Ensemble approaches for Link Prediction

This thesis explores the application of ensemble learning techniques, specifically bagging and random forests, to improve link prediction in Knowledge Graph Embedding (KGE). By sub-sampling entities and relations from the original graph and aggregating scores from multiple KGE models, it aims to enhance the performance of TransE, resulting in TransErand and TransEbagg, which are evaluated on standard benchmarks like WN18RR, FB15k-237, and YAGO3-10.

Running Master's Thesis

A knowledge graph G is a triple (V, R, E), where V is a set of vertices representing entities, R is a set of relations, and E is a set of labelled edges representing relationships between entities, that is, E ⊆ V × R × V. Knowledge graphs are typically stored using the W3C standard RDF (Resource Description Framework) [1], which models graphs as sets of triples (h, r, t) where head entity and tail entity h, t ∈ V and relation r ∈ R.

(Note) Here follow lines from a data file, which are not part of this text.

theorem mainTheorem9:
  shows "(\<forall>n\<ge>2.
     (\<Sum>t\<in>trees_of_size n. card (anc_leaf_pairs t)) = 4 ^ (n - 2)
   \<and> real (\<Sum>t\<in>trees_of_size n. \<Sum>(u, l)\<in>anc_leaf_pairs t. tdist u l)
       = fact (2 * n - 3) / (2 * (fact (n - 2))\<^sup>2) + 4 ^ (n - 2) / 2
   \<and> real (\<Sum>t\<in>trees_of_size n. \<Sum>(u, l)\<in>anc_leaf_pairs t. tdist u l)
       / real (\<Sum>t\<in>trees_of_size n. card (anc_leaf_pairs t))
       = real (dfact (2 * n - 3)) / (2 * real (dfact (2 * n - 4))) + 1 / 2)
   \<and> (\<lambda>n. real (\<Sum>t\<in>trees_of_size n. \<Sum>(u, l)\<in>anc_leaf_pairs t. tdist u l)
              / real (\<Sum>t\<in>trees_of_size n. card (anc_leaf_pairs t))
             - sqrt (real n / pi) - 1 / 2)
         \<in> O(\<lambda>n. 1 / sqrt (real n))"
  unfolding total_anc_leaf_pairs_def[symmetric] total_anc_leaf_dist_def[symmetric]
proof (intro conjI allI impI)
  fix n :: nat
  assume "n \<ge> 2"
  define m where "m = n - 2"
  have idx: "2 * n - 3 = 2 * m + 1" "2 * n - 4 = 2 * m" "n - 2 = m" and n: "n = m + 2"
    using \<open>n \<ge> 2\<close> by (simp_all add: m_def)
  show "total_anc_leaf_pairs n = 4 ^ (n - 2)"
    unfolding idx unfolding n by (rule total_anc_leaf_pairs_eq)
  have "(2 * real m + 1) * central_binom m / 2 = fact (2 * m + 1) / (2 * (fact m)\<^sup>2)"
    unfolding central_binom_eq_fact by (simp add: field_simps)
  then show "real (total_anc_leaf_dist n) = fact (2 * n - 3) / (2 * (fact (n - 2))\<^sup>2) + 4 ^ (n - 2) / 2"
    unfolding idx unfolding n total_anc_leaf_dist_eq by (simp only:)
  show "real (total_anc_leaf_dist n) / real (total_anc_leaf_pairs n)
      = real (dfact (2 * n - 3)) / (2 * real (dfact (2 * n - 4))) + 1 / 2"
    unfolding idx unfolding n mean_anc_leaf_dist dfact_ratio ..
qed (rule mean_anc_leaf_dist_asymptotics)

end
section \<open>Fixed points of actions of groups of prime power order\<close>

lemma (in group) right_action_imp_group_action:
  assumes closed: "\<And>e x. e \<in> E \<Longrightarrow> x \<in> carrier G \<Longrightarrow> act e x \<in> E"
    and act_one: "\<And>e. e \<in> E \<Longrightarrow> act e \<one> = e"
    and act_mult: "\<And>e x y. e \<in> E \<Longrightarrow> x \<in> carrier G \<Longrightarrow> y \<in> carrier G \<Longrightarrow>
                     act (act e x) y = act e (x \<otimes> y)"
  shows "group_action G E (\<lambda>x. \<lambda>e\<in>E. act e (inv x))"
proof -
  define \<phi> where "\<phi> = (\<lambda>x. \<lambda>e\<in>E. act e (inv x))"
  have cancel: "\<phi> (inv x) (\<phi> x e) = e" if "x \<in> carrier G" "e \<in> E" for x e
    using that by (simp add: \<phi>_def closed act_mult act_one)
  have "\<phi> x \<in> carrier (BijGroup E)" if x: "x \<in> carrier G" for x
  proof -
    have "bij_betw (\<phi> x) E E"
      by (rule bij_betwI[where g = "\<phi> (inv x)"])
        (use x cancel[of x] cancel[of "inv x"] in \<open>auto simp: \<phi>_def closed\<close>)
    then show ?thesis by (simp add: BijGroup_def Bij_def \<phi>_def)
  qed
  moreover have "\<phi> (x \<otimes> y) = \<phi> x \<otimes>\<^bsub>BijGroup E\<^esub> \<phi> y"
    if "x \<in> carrier G" "y \<in> carrier G" for x y
    using that calculation
    by (auto simp: BijGroup_def compose_def \<phi>_def closed act_mult inv_mult_group)
  ultimately have "\<phi> \<in> hom G (BijGroup E)" by (intro homI)
  then show ?thesis
    unfolding group_action_def group_hom_def group_hom_axioms_def \<phi>_def[symmetric]
    using group_BijGroup is_group by blast
qed

lemma (in group_action) prime_dvd_card_orbit:
  assumes q: "Factorial_Ring.prime q" and order: "order G = q ^ b"
    and e: "e \<in> E" and moved: "g \<in> carrier G" "\<phi> g e \<noteq> e"
  shows "q dvd card (orbit G \<phi> e)"
proof -
  have "card (orbit G \<phi> e) dvd q ^ b"
    using orbit_stabilizer_theorem[OF e] order dvd_triv_left by metis
  then obtain i where i: "card (orbit G \<phi> e) = q ^ i"
    using divides_primepow_nat[OF q] by blast
  have "{e, \<phi> g e} \<subseteq> orbit G \<phi> e"
    using orbit_refl[OF e] moved(1) by (auto simp: orbit_def)
  moreover have "finite (orbit G \<phi> e)"
    using i q by (metis card.infinite not_prime_0 power_not_zero)
  ultimately have "card {e, \<phi> g e} \<le> card (orbit G \<phi> e)" by (simp add: card_mono)
  then have "i \<noteq> 0" using i moved(2) by (cases i) auto
  then show ?thesis using i by simp
qed

lemma (in group_action) card_fixed_points_mod:
  assumes "finite E" and q: "Factorial_Ring.prime q" and order: "order G = q ^ b"
  shows "card E mod q = card {e \<in> E. \<forall>g \<in> carrier G. \<phi> g e = e} mod q"
proof -
  interpret group G using group_hom group_hom.axioms(1) by blast
  define Fix where "Fix = {e \<in> E. \<forall>g \<in> carrier G. \<phi> g e = e}"
  have orbit_Fix: "orbit G \<phi> e = {e}" if "e \<in> Fix" for e
    using that by (auto simp: Fix_def orbit_def) (metis one_closed)
  have "q dvd card (orb - Fix)" if orb: "orb \<in> orbits G E \<phi>" for orb
  proof -
    obtain e where e: "e \<in> E" "orb = orbit G \<phi> e" using orb by (auto simp: orbits_def)
    show ?thesis
    proof (cases "e \<in> Fix")
      case True
      then show ?thesis using e orbit_Fix by simp
    next
      case False
      then obtain g where g: "g \<in> carrier G" "\<phi> g e \<noteq> e" using e(1) by (auto simp: Fix_def)
      have "x = e" if "x \<in> orbit G \<phi> e" "x \<in> Fix" for x
        using orbit_sym[OF e(1) _ that(1)] orbit_Fix[OF that(2)] that(2) by (auto simp: Fix_def)
      then have "orb - Fix = orb" using e False by blast
      then show ?thesis using e prime_dvd_card_orbit[OF q order e(1) g] by simp
    qed
  qed
  then have "q dvd (\<Sum>orb\<in>orbits G E \<phi>. card (orb - Fix))"
    by (rule dvd_sum)
  also have "(\<Sum>orb\<in>orbits G E \<phi>. card (orb - Fix)) =
             (\<Sum>orb\<in>orbits G E \<phi>. \<Sum>e\<in>orb. of_bool (e \<notin> Fix))"
  proof (rule sum.cong)
    fix orb assume "orb \<in> orbits G E \<phi>"
    then have "finite orb"
      using orbits_coverture \<open>finite E\<close> by (metis Union_upper finite_subset)
    then show "card (orb - Fix) = (\<Sum>e\<in>orb. of_bool (e \<notin> Fix))"
      by (simp add: set_diff_eq Int_def)
  qed simp
  also have "\<dots> = card (E - Fix)"
    using \<open>finite E\<close> disjoint_sum[OF \<open>finite E\<close>, of "\<lambda>e. of_bool (e \<notin> Fix) :: nat"]
    by (simp add: set_diff_eq Int_def)
  finally have "q dvd card (E - Fix)" .
  moreover have "card E = card Fix + card (E - Fix)"
    using \<open>finite E\<close> by (simp add: Fix_def card_Diff_subset card_mono)
  ultimately show ?thesis unfolding Fix_def by (simp add: mod_add_right_eq[symmetric])
qed

lemma (in group) card_right_action_fixed_points_mod:
  assumes "finite E" and "Factorial_Ring.prime q" and "order G = q ^ b"
    and closed: "\<And>e x. e \<in> E \<Longrightarrow> x \<in> carrier G \<Longrightarrow> act e x \<in> E"
    and act_one: "\<And>e. e \<in> E \<Longrightarrow> act e \<one> = e"
    and act_mult: "\<And>e x y. e \<in> E \<Longrightarrow> x \<in> carrier G \<Longrightarrow> y \<in> carrier G \<Longrightarrow>
                     act (act e x) y = act e (x \<otimes> y)"
  shows "card E mod q = card {e \<in> E. \<forall>x \<in> carrier G. act e x = e} mod q"
proof -
  interpret group_action G E "\<lambda>x. \<lambda>e\<in>E. act e (inv x)"
    using right_action_imp_group_action[OF closed act_one act_mult] .
  have "(\<forall>x \<in> carrier G. act e (inv x) = e) \<longleftrightarrow> (\<forall>x \<in> carrier G. act e x = e)" for e
    by (metis inv_closed inv_inv)
  then have "{e \<in> E. \<forall>x \<in> carrier G. (\<lambda>e\<in>E. act e (inv x)) e = e} =
             {e \<in> E. \<forall>x \<in> carrier G. act e x = e}"
    by auto
  then show ?thesis using card_fixed_points_mod[OF assms(1-3)] by simp
qed

section \<open>Minimal normal subgroups of soluble groups\<close>

context group
begin

lemma inv_mult_cancel_left [simp]:
  "x \<in> carrier G \<Longrightarrow> y \<in> carrier G \<Longrightarrow> inv x \<otimes> (x \<otimes> y) = y"
  by (simp add: m_assoc[symmetric])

A relevant problem for knowledge graphs is predicting unknown triples based on known ones. Knowledge graph embedding (KGE) is a prominent approach for link prediction by scoring the plausibility of links in the vector space. To perform link prediction, KGEs [3, 8 , 9] map entities h and t and relations r into elements h, r, and t in low-dimensional vector space, and score the plausibility of a link (h, r, t) using a score function on h, r, and t.
Combining the scores of different KGE models [6, 11, 10], or of several runs of the same KGE model [12], demonstrated to improve the performance of link prediction with KGE. The single models used in such approaches are executed on the entire graph G. On the other end, ensemble methods like bagging and random forests, have demonstrated that the combination of weak learners, executed on a subset of the original data, results in a stronger one.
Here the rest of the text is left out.